In the records below, find the line containing "Context: For a" and the line containing "(* The Pruefer"; please repeat exactly the lines from one to the other, both included, and nothing more.
RECORDS SUPPLIED: Begin
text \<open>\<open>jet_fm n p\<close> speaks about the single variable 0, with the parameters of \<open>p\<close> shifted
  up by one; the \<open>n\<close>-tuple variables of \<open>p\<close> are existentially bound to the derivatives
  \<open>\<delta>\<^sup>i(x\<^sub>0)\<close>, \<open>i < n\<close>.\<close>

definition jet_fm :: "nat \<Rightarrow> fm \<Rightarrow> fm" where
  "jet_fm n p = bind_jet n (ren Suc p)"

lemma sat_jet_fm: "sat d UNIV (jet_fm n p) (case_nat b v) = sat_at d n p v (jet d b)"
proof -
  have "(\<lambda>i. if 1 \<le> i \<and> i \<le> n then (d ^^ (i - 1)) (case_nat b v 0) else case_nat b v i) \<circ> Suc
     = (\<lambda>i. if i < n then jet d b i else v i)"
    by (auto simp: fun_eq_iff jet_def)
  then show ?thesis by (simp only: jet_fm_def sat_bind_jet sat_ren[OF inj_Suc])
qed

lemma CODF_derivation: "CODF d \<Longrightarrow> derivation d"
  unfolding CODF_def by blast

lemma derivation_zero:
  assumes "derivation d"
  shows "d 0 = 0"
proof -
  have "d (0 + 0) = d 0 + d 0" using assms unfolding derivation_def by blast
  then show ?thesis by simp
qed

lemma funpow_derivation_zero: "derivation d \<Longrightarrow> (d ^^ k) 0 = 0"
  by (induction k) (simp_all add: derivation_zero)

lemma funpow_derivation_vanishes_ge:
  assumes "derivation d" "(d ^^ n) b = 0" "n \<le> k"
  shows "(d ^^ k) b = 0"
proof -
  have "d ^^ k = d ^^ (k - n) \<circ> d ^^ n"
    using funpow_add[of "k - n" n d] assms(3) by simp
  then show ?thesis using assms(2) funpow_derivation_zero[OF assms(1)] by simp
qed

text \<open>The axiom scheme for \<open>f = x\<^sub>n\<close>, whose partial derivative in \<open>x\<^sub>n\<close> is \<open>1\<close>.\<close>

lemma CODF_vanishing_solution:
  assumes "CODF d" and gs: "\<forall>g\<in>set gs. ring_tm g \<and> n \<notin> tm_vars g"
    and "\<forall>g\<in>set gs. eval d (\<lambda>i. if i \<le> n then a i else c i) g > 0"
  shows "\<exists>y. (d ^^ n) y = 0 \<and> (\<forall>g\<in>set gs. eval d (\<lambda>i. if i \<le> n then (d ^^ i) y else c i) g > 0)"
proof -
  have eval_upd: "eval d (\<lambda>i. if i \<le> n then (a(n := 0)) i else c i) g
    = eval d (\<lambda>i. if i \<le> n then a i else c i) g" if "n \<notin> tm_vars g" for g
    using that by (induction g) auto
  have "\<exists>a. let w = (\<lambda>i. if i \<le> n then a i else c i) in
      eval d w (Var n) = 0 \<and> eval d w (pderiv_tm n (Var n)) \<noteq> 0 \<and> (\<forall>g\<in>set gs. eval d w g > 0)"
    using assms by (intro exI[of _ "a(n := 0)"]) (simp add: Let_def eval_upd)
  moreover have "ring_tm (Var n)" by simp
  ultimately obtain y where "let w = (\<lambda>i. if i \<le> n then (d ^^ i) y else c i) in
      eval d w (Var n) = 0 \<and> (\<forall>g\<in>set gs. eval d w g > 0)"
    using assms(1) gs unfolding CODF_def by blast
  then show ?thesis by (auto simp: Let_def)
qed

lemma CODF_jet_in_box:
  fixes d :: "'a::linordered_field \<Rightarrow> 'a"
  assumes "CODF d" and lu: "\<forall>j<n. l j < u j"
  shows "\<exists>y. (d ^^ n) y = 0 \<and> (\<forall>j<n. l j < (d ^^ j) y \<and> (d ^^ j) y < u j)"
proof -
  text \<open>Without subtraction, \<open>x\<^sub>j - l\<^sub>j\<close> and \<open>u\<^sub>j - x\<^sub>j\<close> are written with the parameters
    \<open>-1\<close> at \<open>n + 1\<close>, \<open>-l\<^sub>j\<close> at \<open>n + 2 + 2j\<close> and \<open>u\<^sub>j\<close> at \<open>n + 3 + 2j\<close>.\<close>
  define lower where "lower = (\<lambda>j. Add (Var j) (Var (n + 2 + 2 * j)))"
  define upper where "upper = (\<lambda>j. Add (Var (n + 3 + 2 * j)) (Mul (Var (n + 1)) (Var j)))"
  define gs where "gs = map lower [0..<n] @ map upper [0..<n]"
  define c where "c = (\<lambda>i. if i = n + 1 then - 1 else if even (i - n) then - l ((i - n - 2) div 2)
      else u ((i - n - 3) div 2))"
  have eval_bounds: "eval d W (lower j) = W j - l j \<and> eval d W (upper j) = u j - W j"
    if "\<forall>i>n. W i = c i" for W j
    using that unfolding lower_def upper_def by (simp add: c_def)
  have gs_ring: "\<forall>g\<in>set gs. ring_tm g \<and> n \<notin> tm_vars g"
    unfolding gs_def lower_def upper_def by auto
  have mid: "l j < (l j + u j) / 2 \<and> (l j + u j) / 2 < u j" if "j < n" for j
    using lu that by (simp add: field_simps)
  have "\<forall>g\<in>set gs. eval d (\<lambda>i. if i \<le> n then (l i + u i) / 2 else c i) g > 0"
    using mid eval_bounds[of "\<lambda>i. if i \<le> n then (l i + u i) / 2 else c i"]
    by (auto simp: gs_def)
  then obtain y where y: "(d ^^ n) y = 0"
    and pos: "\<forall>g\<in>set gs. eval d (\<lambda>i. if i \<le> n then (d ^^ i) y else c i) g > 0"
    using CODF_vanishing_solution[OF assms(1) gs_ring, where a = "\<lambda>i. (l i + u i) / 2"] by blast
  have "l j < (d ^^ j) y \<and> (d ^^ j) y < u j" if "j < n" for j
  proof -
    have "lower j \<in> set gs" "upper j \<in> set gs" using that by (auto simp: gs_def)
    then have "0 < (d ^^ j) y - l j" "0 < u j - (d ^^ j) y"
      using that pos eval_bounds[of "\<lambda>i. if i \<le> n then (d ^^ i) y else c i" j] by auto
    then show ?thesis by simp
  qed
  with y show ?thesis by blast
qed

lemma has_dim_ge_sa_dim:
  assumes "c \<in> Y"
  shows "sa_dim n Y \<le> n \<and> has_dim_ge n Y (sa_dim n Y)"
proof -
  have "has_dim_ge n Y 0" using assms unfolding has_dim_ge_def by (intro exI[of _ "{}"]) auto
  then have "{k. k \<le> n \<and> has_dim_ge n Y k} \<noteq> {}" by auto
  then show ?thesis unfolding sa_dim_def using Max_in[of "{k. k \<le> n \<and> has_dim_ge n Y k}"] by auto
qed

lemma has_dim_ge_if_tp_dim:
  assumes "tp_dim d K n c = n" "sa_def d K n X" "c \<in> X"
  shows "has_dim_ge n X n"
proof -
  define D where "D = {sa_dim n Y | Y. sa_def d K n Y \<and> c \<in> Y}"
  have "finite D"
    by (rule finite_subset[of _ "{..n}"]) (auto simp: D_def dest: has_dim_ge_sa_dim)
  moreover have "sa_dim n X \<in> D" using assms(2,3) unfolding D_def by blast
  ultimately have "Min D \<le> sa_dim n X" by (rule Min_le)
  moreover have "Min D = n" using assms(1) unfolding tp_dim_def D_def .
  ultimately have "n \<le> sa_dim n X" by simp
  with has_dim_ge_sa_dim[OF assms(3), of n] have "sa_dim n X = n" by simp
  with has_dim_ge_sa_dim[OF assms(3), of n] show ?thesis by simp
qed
RECORDS SUPPLIED: End
RECORDS SUPPLIED: Begin
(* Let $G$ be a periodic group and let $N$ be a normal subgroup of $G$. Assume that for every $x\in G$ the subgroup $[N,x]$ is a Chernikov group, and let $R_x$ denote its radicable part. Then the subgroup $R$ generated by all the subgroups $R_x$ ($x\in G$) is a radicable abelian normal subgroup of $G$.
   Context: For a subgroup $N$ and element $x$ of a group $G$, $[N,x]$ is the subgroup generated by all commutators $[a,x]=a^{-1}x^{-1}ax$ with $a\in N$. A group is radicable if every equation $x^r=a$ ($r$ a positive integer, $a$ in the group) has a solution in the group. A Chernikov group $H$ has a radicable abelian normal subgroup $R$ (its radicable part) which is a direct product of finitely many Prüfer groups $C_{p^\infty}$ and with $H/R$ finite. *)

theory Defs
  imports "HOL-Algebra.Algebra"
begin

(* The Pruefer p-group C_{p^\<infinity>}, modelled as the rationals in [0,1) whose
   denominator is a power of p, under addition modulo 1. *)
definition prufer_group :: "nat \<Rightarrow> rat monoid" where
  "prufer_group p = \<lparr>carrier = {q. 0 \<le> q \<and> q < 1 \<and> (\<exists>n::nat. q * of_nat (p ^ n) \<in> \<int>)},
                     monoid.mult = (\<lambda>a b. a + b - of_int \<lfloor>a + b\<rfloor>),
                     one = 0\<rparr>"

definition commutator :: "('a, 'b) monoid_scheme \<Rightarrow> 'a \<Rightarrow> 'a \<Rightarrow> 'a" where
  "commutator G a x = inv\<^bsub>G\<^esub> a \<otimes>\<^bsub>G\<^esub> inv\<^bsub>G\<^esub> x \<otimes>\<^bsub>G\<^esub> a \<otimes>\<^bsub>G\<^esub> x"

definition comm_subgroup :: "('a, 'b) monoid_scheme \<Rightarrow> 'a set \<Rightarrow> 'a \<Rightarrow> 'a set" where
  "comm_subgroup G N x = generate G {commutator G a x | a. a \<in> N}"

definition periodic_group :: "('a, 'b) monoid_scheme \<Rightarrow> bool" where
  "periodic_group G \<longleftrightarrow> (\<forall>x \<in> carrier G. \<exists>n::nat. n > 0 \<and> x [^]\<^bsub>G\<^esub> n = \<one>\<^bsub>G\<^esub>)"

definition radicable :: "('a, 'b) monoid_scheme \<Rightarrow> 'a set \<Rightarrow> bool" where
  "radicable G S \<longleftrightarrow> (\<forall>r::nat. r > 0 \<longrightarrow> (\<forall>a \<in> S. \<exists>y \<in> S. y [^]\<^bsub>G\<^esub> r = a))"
RECORDS SUPPLIED: End
SOLUTION BELOW:
   Context: For a subgroup $N$ and element $x$ of a group $G$, $[N,x]$ is the subgroup generated by all commutators $[a,x]=a^{-1}x^{-1}ax$ with $a\in N$. A group is radicable if every equation $x^r=a$ ($r$ a positive integer, $a$ in the group) has a solution in the group. A Chernikov group $H$ has a radicable abelian normal subgroup $R$ (its radicable part) which is a direct product of finitely many Prüfer groups $C_{p^\infty}$ and with $H/R$ finite. *)

theory Defs
  imports "HOL-Algebra.Algebra"
begin

(* The Pruefer p-group C_{p^\<infinity>}, modelled as the rationals in [0,1) whose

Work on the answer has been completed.